Nos queda claro que cuando no vamos a la Palabra de Dios para conocer al
Señor y conocernos a nosotros mismos, cuando albergamos pecado en el
corazón y cuando negligentemente dejamos que nuestra mente y
pensamientos sean absorbidos por este mundo aborrecedor de Dios, nuestra
vida de oración sufre las consecuencias y con ella, nuestra vida espiritual toda
y todo lo que nos rodea son afectados. Si queremos vencer y adoptar un estilo
de vida de oración sana y creciente, necesitamos hacer dos cosas básicas y
claras: disciplinarnos en la lectura, meditación y estudio de la Palabra de Dios; y
en la oración constante para poder vencer la tentación y el pecado.
Jesús les dijo a sus discípulos en el momento más terrible de su vida lo siguiente:
Conclusión
Orar no es fácil, tener una vida de oración tampoco lo es; pero no es imposible.
Hemos visto que tenemos todos los recursos para poder ser hombres y mujeres
de oración y que necesitamos tomar la decisión de llenarnos de la Palabra del
Señor y disciplinarnos a orar. “Ejercítate para la piedad” le mando Pablo a su
joven discípulo Timoteo, y así como en un gimnasio debemos entrenar para
llevar una vida de oración agradable al Señor. Empecemos con lo poco pero
seamos fieles, avancemos por más sin desmayar. No te detengas hermano así
los mares se partan y así tu corazón y mente te lleven por miles de pensamientos
y emociones, no desmayes.

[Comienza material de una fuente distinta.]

lemma Gamma_trancl_triangle:
  assumes ab: "(a,b) \<in> E" and bc: "(b,c) \<in> E" and ac: "(a,c) \<in> E"
    and ab_color: "\<not> same_color (b,c) (a,b)" and ac_color: "\<not> same_color (b,c) (a,c)"
    and "((b,c),(x,y)) \<in> (Gamma E)\<^sup>+"
  shows "((a,b),(a,x)) \<in> (Gamma E)\<^sup>+ \<and> ((a,c),(a,y)) \<in> (Gamma E)\<^sup>+"
proof -
  have invariant_step:
    "((a,b),(a,x')) \<in> (Gamma E)\<^sup>+ \<and> ((a,c),(a,y')) \<in> (Gamma E)\<^sup>+"
    if bc_xy: "((b,c),(x,y)) \<in> (Gamma E)\<^sup>+"
      and ab_ax: "((a,b),(a,x)) \<in> (Gamma E)\<^sup>+" and ac_ay: "((a,c),(a,y)) \<in> (Gamma E)\<^sup>+"
      and step: "((x,y),(x',y')) \<in> Gamma E" for x y x' y'
  proof -
    from step consider "x' = x" | "y' = y"
      unfolding Gamma_def by blast
    then show ?thesis
    proof cases
      case 1
      then show ?thesis
        using Gamma_trancl_triangle_step[OF ab_color bc_xy ab_ax ac_ay] step ab_ax by simp
    next
      case 2
      have "\<not> same_color (c,b) (a,c)"
        using ac_color same_color_swap_left by blast
      moreover have "((y,x),(y,x')) \<in> Gamma E"
        using Gamma_swap[OF step] 2 by simp
      ultimately show ?thesis
        using Gamma_trancl_triangle_step[OF _ Gamma_trancl_swap_pairs[OF bc_xy] ac_ay ab_ax] 2 ac_ay
        by simp
    qed
  qed
  have start: "((b,c),(b,c)) \<in> (Gamma E)\<^sup>+" "((a,b),(a,b)) \<in> (Gamma E)\<^sup>+"
    "((a,c),(a,c)) \<in> (Gamma E)\<^sup>+"
    using Gamma_trancl_refl ab bc ac by auto
  from \<open>((b,c),(x,y)) \<in> (Gamma E)\<^sup>+\<close> show ?thesis
  proof (induction rule: trancl_induct2)
    case (base x y)
    then show ?case using invariant_step[OF start] by blast
  next
    case (step x y x' y')
    then show ?case using invariant_step by blast
  qed
qed

lemma same_color_triangle:
  assumes "(a,b) \<in> E" "(b,c) \<in> E" "(a,c) \<in> E"
    "\<not> same_color (b,c) (a,b)" "\<not> same_color (b,c) (a,c)" "same_color (b,c) (x,y)"
  shows "(a,x) \<in> E \<and> (a,y) \<in> E"
proof -
  have "(a,x') \<in> E \<and> (a,y') \<in> E" if "((b,c),(x',y')) \<in> (Gamma E)\<^sup>+" for x' y'
    using Gamma_trancl_triangle[OF assms(1-5) that] Gamma_trancl_edges by blast
  then show ?thesis
    using assms(6) unfolding same_color_def by auto
qed

lemma triangle_apex_not_spanned:
  assumes "(a,b) \<in> E" "(b,c) \<in> E" "(a,c) \<in> E"
    "\<not> same_color (b,c) (a,b)" "\<not> same_color (b,c) (a,c)"
  shows "a \<notin> spanned (Collect (same_color (b,c)))"
  using same_color_triangle[OF assms] edge_irrefl in_spanned_color_class_iff by blast

lemma adjacent_to_color_class:
  assumes pq: "(p,q) \<in> E" and v: "v \<notin> spanned (Collect (same_color (p,q)))"
    and vp: "(v,p) \<in> E" and "same_color (p,q) (x,y)"
  shows "(v,x) \<in> E \<and> (v,y) \<in> E"
proof -
  have v_colors: "\<not> same_color (p,q) (v,u)" for u
    using v in_spanned_color_class_iff by blast
  have "(v,q) \<in> E"
  proof (rule ccontr)
    assume "(v,q) \<notin> E"
    then have "((q,p),(v,p)) \<in> Gamma E"
      using pq vp edge_sym unfolding Gamma_def by auto
    then show False
      using Gamma_same_color same_color_swap_left v_colors by blast
  qed
  then show ?thesis
    using same_color_triangle[OF vp pq _ v_colors v_colors] assms(4) by blast
qed

lemma simplex_vertex_adjacent_to_color_class:
  assumes S: "simplex V E VS" and "s \<in> VS" "t \<in> VS" "p \<in> VS" "p \<noteq> s" "p \<noteq> t"
    and "same_color (s,t) (x,y)"
  shows "(p,x) \<in> E \<and> (p,y) \<in> E"
proof -
  have "s \<noteq> t"
    using assms(7) same_color_edges edge_irrefl by blast
  then show ?thesis
    using same_color_triangle[of p s t] simplex_edge[OF S] simplex_colors_distinct[OF S] assms
    by (metis doubleton_eq_iff)
qed

definition co_edges :: "('a \<times> 'a) set" where
  "co_edges = {(u,v). u \<in> V \<and> v \<in> V \<and> u \<noteq> v \<and> (u,v) \<notin> E}"

abbreviation co_connected :: "'a \<Rightarrow> 'a \<Rightarrow> bool" where
  "co_connected u v \<equiv> (u,v) \<in> co_edges\<^sup>*"

lemma co_connected_sym: "co_connected u v \<Longrightarrow> co_connected v u"
proof -
  have "sym co_edges"
    unfolding co_edges_def using edge_sym by (auto intro: symI)
  then show "co_connected u v \<Longrightarrow> co_connected v u"
    by (simp add: sym_rtrancl symD)
qed

lemma non_edge_co_connected: "u \<in> V \<Longrightarrow> v \<in> V \<Longrightarrow> (u,v) \<notin> E \<Longrightarrow> co_connected u v"
  by (cases "u = v") (auto simp: co_edges_def)

lemma Gamma_co_connected:
  assumes "((a,b),(c,d)) \<in> Gamma E"
  shows "co_connected a c \<and> co_connected b d"
proof -
  have "a \<in> V" "b \<in> V" "c \<in> V" "d \<in> V"
    using Gamma_edges[OF assms] edge_vertices by auto
  moreover from assms consider "a = c" "(b,d) \<notin> E" | "b = d" "(a,c) \<notin> E"
    unfolding Gamma_def by blast
  ultimately show ?thesis
    by cases (auto intro: non_edge_co_connected)
qed

lemma Gamma_trancl_co_connected:
  "((a,b),(c,d)) \<in> (Gamma E)\<^sup>+ \<Longrightarrow> co_connected a c \<and> co_connected b d"
proof (induction rule: trancl_induct2)
  case (base c d)
  then show ?case by (rule Gamma_co_connected)
next
  case (step c d c' d')
  with Gamma_co_connected[OF step.hyps(2)] show ?case
    by (meson rtrancl_trans)
qed

lemma same_color_co_connected:
  "same_color (s,t) (x,y) \<Longrightarrow>
     (co_connected s x \<and> co_connected t y) \<or> (co_connected s y \<and> co_connected t x)"
  using Gamma_trancl_co_connected unfolding same_color_def by auto

lemma Gamma_trancl_slide_fst:
  assumes "co_connected u u'" and uw: "(u,w) \<in> E" and not_co: "\<not> co_connected u w"
  shows "((u,w),(u',w)) \<in> (Gamma E)\<^sup>+"
  using assms(1)
proof (induction rule: rtrancl_induct)
  case base
  then show ?case using Gamma_trancl_refl uw by blast
next
  case (step y z)
  have uz: "co_connected u z"
    using step.hyps by (rule rtrancl_into_rtrancl)
  have yz: "(y,z) \<notin> E" and zV: "z \<in> V"
    using step.hyps(2) unfolding co_edges_def by auto
  have "(z,w) \<in> E"
  proof (rule ccontr)
    assume "(z,w) \<notin> E"
    then have "co_connected z w"
      using non_edge_co_connected[OF zV] edge_vertices[OF uw] by blast
    with uz have "co_connected u w"
      by (rule rtrancl_trans)
    with not_co show False ..
  qed
  then have "((y,w),(z,w)) \<in> Gamma E"
    using Gamma_trancl_edges[OF step.IH] yz unfolding Gamma_def by auto
  with step.IH show ?case
    by (rule trancl_into_trancl)
qed

lemma Gamma_trancl_slide_snd:
  assumes "co_connected w w'" and "(u,w) \<in> E" and "\<not> co_connected u w"
  shows "((u,w),(u,w')) \<in> (Gamma E)\<^sup>+"
  using Gamma_trancl_slide_fst[OF assms(1) edge_sym[OF assms(2)]] assms(3)
    co_connected_sym Gamma_trancl_swap_pairs
  by blast

lemma spanning_multiplex_meets_co_components:
  assumes "spanned (multiplex_of E VS) = V" "x \<in> V"
  shows "\<exists>s\<in>VS. co_connected x s"
proof -
  obtain s t w where "s \<in> VS" "t \<in> VS" "same_color (s,t) (x,w)"
    using in_spanned_multiplex_of assms by blast
  then show ?thesis
    using same_color_co_connected co_connected_sym by blast
qed

lemma simplex_vertices_co_disconnected:
  assumes co_disconnected: "\<exists>u\<in>V. \<exists>v\<in>V. \<not> co_connected u v"
    and S: "simplex V E VS" and sp: "spanned (multiplex_of E VS) = V"
    and s: "s \<in> VS" and t: "t \<in> VS" and "s \<noteq> t"
  shows "\<not> co_connected s t"
proof
  assume st: "co_connected s t"
  have "\<exists>w\<in>VS. \<not> co_connected s w"
  proof (rule ccontr)
    assume "\<not> (\<exists>w\<in>VS. \<not> co_connected s w)"
    then have co_s: "co_connected x s" if "x \<in> V" for x
      using spanning_multiplex_meets_co_components[OF sp that] co_connected_sym rtrancl_trans
      by metis
    obtain u v where "u \<in> V" "v \<in> V" "\<not> co_connected u v"
      using co_disconnected by blast
    then show False
      using co_s co_connected_sym rtrancl_trans by metis
  qed
  then obtain w where w: "w \<in> VS" "\<not> co_connected s w" ..
  have "w \<noteq> s" "w \<noteq> t"
    using w(2) st by auto
  then have sw: "(s,w) \<in> E"
    using simplex_edge[OF S s w(1)] by blast
  have "same_color (s,w) (t,w)"
    using Gamma_trancl_slide_fst[OF st sw w(2)] by (rule Gamma_trancl_same_color)
  moreover have "{s,w} \<noteq> {t,w}"
    using \<open>s \<noteq> t\<close> \<open>w \<noteq> s\<close> by (auto simp: doubleton_eq_iff)
  ultimately show False
    using simplex_colors_distinct[OF S s w(1) t w(1)] by blast
qed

Determínate a ser un hombre de oración, decide
ser un hombre que mueva la mano de Dios. “Dame Escocia o me muero”
rogaba John Knox; “Si tu presencia no va con nosotros, no nos saques de aquí”

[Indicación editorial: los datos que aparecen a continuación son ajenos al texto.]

theorem mainTheorem10:
  fixes e1 e2 :: vec3 and V1 V2 V3 V4 :: mat3
    and lam :: "nat \<Rightarrow> real" and v :: "nat \<Rightarrow> vec3"
    and Q a n :: "nat \<Rightarrow> _"
  assumes orth: "norm e1 = 1" "norm e2 = 1" "e1 \<bullet> e2 = 0"
    and spd: "sym_posdef V1"
    and eig: "\<forall>i\<in>{1..3}. V1 *v v i = lam i *\<^sub>R v i"
    and onb: "\<forall>i\<in>{1..3}. \<forall>j\<in>{1..3}. v i \<bullet> v j = (if i = j then 1 else 0)"
    and V2: "V2 = rot180 e1 ** V1 ** transpose (rot180 e1)"
    and V3: "V3 = rot180 e2 ** V2 ** transpose (rot180 e2)"
    and V4: "V4 = rot180 e2 ** V1 ** transpose (rot180 e2)"
    and dist: "V1 \<noteq> V2" "V1 \<noteq> V3" "V1 \<noteq> V4" "V2 \<noteq> V3" "V2 \<noteq> V4" "V3 \<noteq> V4"
  shows
    "((typeI_solution V1 e1 (Q 1) (a 1) (n 1) \<and> typeI_solution V2 e2 (Q 2) (a 2) (n 2) \<and>
       typeI_solution V3 e1 (Q 3) (a 3) (n 3) \<and> typeI_solution V4 e2 (Q 4) (a 4) (n 4) \<and>
       Q 1 ** Q 2 ** Q 3 ** Q 4 = mat 1)
      \<longrightarrow> (\<Sum>i=1..3. (lam i) powi (-2) * (v i \<bullet> e1) * (v i \<bullet> e2)) = 0
          \<and> e1 \<bullet> ((matrix_inv V1 ** matrix_inv V1) *v e2) = 0)
   \<and> ((typeII_solution V1 e1 (Q 1) (a 1) (n 1) \<and> typeII_solution V2 e2 (Q 2) (a 2) (n 2) \<and>
       typeII_solution V3 e1 (Q 3) (a 3) (n 3) \<and> typeII_solution V4 e2 (Q 4) (a 4) (n 4) \<and>
       Q 1 ** Q 2 ** Q 3 ** Q 4 = mat 1)
      \<longrightarrow> (\<Sum>i=1..3. (lam i)\<^sup>2 * (v i \<bullet> e1) * (v i \<bullet> e2)) = 0
          \<and> e1 \<bullet> ((V1 ** V1) *v e2) = 0)
   \<and> (\<forall>(p::real) (q::real) (W::mat3) (f1::vec3) (f2::vec3).
        W = vector [vector [1, 0, 0], vector [0, p, q], vector [0, q, p]] \<and>
        q > 0 \<and> sym_posdef W \<and> p - q < 1 \<and> 1 < p + q \<and>
        f1 = (1 / sqrt 2) *\<^sub>R vector [1, -1, 0] \<and> f2 = (1 / sqrt 2) *\<^sub>R vector [1, 1, 0]
      \<longrightarrow> (p + q = (p - q) / sqrt (2 * (p - q)\<^sup>2 - 1)
             \<longrightarrow> f1 \<bullet> ((matrix_inv W ** matrix_inv W) *v f2) = 0)
        \<and> (p + q = sqrt (2 - (p - q)\<^sup>2)
             \<longrightarrow> f1 \<bullet> ((W ** W) *v f2) = 0))"
proof -
  have V1: "invertible V1" "transpose V1 = V1"
    using spd by (simp_all add: sym_posdef_invertible sym_posdef_def)
  have card: "card {1..3::nat} = CARD(3)" by simp
  note expansions =
    inner_inverse_square_eigen_expansion[OF V1 finite_atLeastAtMost card onb eig, of e1 e2]
    inner_square_eigen_expansion[OF V1(2) finite_atLeastAtMost card onb eig, of e1 e2]
  note typeI = typeI_cycle_imp_orthogonal[OF orth spd V2 V3 V4]
  note typeII = typeII_cycle_imp_orthogonal[OF orth spd V2 V3 V4]
  note example = sym_block_matrix_typeI_identity sym_block_matrix_typeII_identity
  show ?thesis
    using typeI typeII expansions example[unfolded sym_block_matrix_def] by auto
qed

end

clamaba Moisés; “Los que persiguen vanidades ilusorias su misericordia
abandonan; pero yo pagaré lo que prometí, la salvación es de Jehová” oraba
Jonás; “Pasa de mi esta copa; pero no se haga mi voluntad sino la tuya” rogaba
nuestro Señor Jesucristo. Todos estos hombres oraban en momentos difíciles de
su vida; pero todos fueron escuchados por Dios. Algunas oraciones fueron
memorables, otras muy cortas, algunas angustiosas, otras en victoria; pero todas
movieron la mano de Dios; porque una vez más concluimos: lo importante de la
oración no está en quien ora, sino en Aquel a quien oramos.

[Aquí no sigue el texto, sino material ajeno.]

text \<open>
  Let P be a longest path of the tree G(S); it has 2k - 1 vertices. It cannot end in a node of L:
  such a node has a second neighbour, which would either extend P or close a cycle. So P starts in R,
  and its midpoint c lies in L iff k - 1 is odd. Every vertex lies within distance k - 1 of c,
  since otherwise splicing P with a path towards that vertex would give a path longer than P.
  Counting breadth-first from c, a node of L has one child and a node of R at most
  d_{c,max} - 1 children, so the nodes of L at each distance from c are bounded by two consecutive
  summands of the stated sum.
\<close>

lemma is_path_iff_successively:
  "is_path V adj p \<longleftrightarrow> p \<noteq> [] \<and> set p \<subseteq> V \<and> distinct p \<and> successively adj p"
  unfolding is_path_def successively_conv_nth by blast

lemma successively_take: "successively P xs \<Longrightarrow> successively P (take n xs)"
  by (metis append_take_drop_id successively_append_iff)

lemma successively_drop: "successively P xs \<Longrightarrow> successively P (drop n xs)"
  by (metis append_take_drop_id successively_append_iff)

lemma successively_take_append_drop:
  assumes "successively P xs" "successively P ys"
    and "i < length xs" "j < length ys" "xs ! i = ys ! j"
  shows "successively P (take i xs @ drop j ys)"
proof -
  have "take i xs @ drop j ys = take (Suc i) xs @ drop (Suc j) ys"
    using assms(3-5) by (simp add: take_Suc_conv_app_nth Cons_nth_drop_Suc)
  moreover have "P (last (take (Suc i) xs)) (hd (drop (Suc j) ys))" if "drop (Suc j) ys \<noteq> []"
    using that assms(3,5) successively_nth[OF assms(2), of j]
    by (simp add: hd_drop_conv_nth take_Suc_conv_app_nth)
  ultimately show ?thesis
    using successively_take[OF assms(1)] successively_drop[OF assms(2)]
    by (auto simp: successively_append_iff)
qed

lemma is_path_rev:
  assumes "\<And>u v. adj u v \<Longrightarrow> adj v u"
  shows "is_path V adj p \<Longrightarrow> is_path V adj (rev p)"
  using assms by (auto simp: is_path_iff_successively intro: successively_mono)

primrec ball :: "('v \<Rightarrow> 'v \<Rightarrow> bool) \<Rightarrow> 'v \<Rightarrow> nat \<Rightarrow> 'v set" where
  "ball adj c 0 = {c}"
| "ball adj c (Suc n) = ball adj c n \<union> {v. \<exists>u\<in>ball adj c n. adj u v}"

lemma ball_mono: "n \<le> n' \<Longrightarrow> ball adj c n \<subseteq> ball adj c n'"
  by (induction n') (auto simp: le_Suc_eq)

lemma ball_subset:
  assumes "c \<in> V" "\<And>u v. adj u v \<Longrightarrow> v \<in> V"
  shows "ball adj c n \<subseteq> V"
  using assms by (induction n) auto

lemma last_in_ball:
  "successively adj p \<Longrightarrow> p \<noteq> [] \<Longrightarrow> last p \<in> ball adj (hd p) (length p - 1)"
proof (induction p rule: rev_induct)
  case (snoc x xs)
  show ?case
  proof (cases "xs = []")
    case False
    then have "last xs \<in> ball adj (hd xs) (length xs - 1)" "adj (last xs) x"
      using snoc by (auto simp: successively_append_iff)
    then show ?thesis using False by (cases "length xs") auto
  qed simp
qed simp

¿Por qué es tan difícil orar? Porque no conocemos a Aquel a quien oramos. Si
así fuera, no nos cansaríamos de estar en su presencia y nuestros pedidos y
peticiones pasarían a ser una contemplación, una adoración y una petición de
conocerle más. “Muéstrame tu gloria” no fue la más grandilocuente de las
oraciones; pero si la más profunda que hizo Moisés en toda su vida, y la respuesta
a esta cambio la vida de este siervo de Dios para siempre.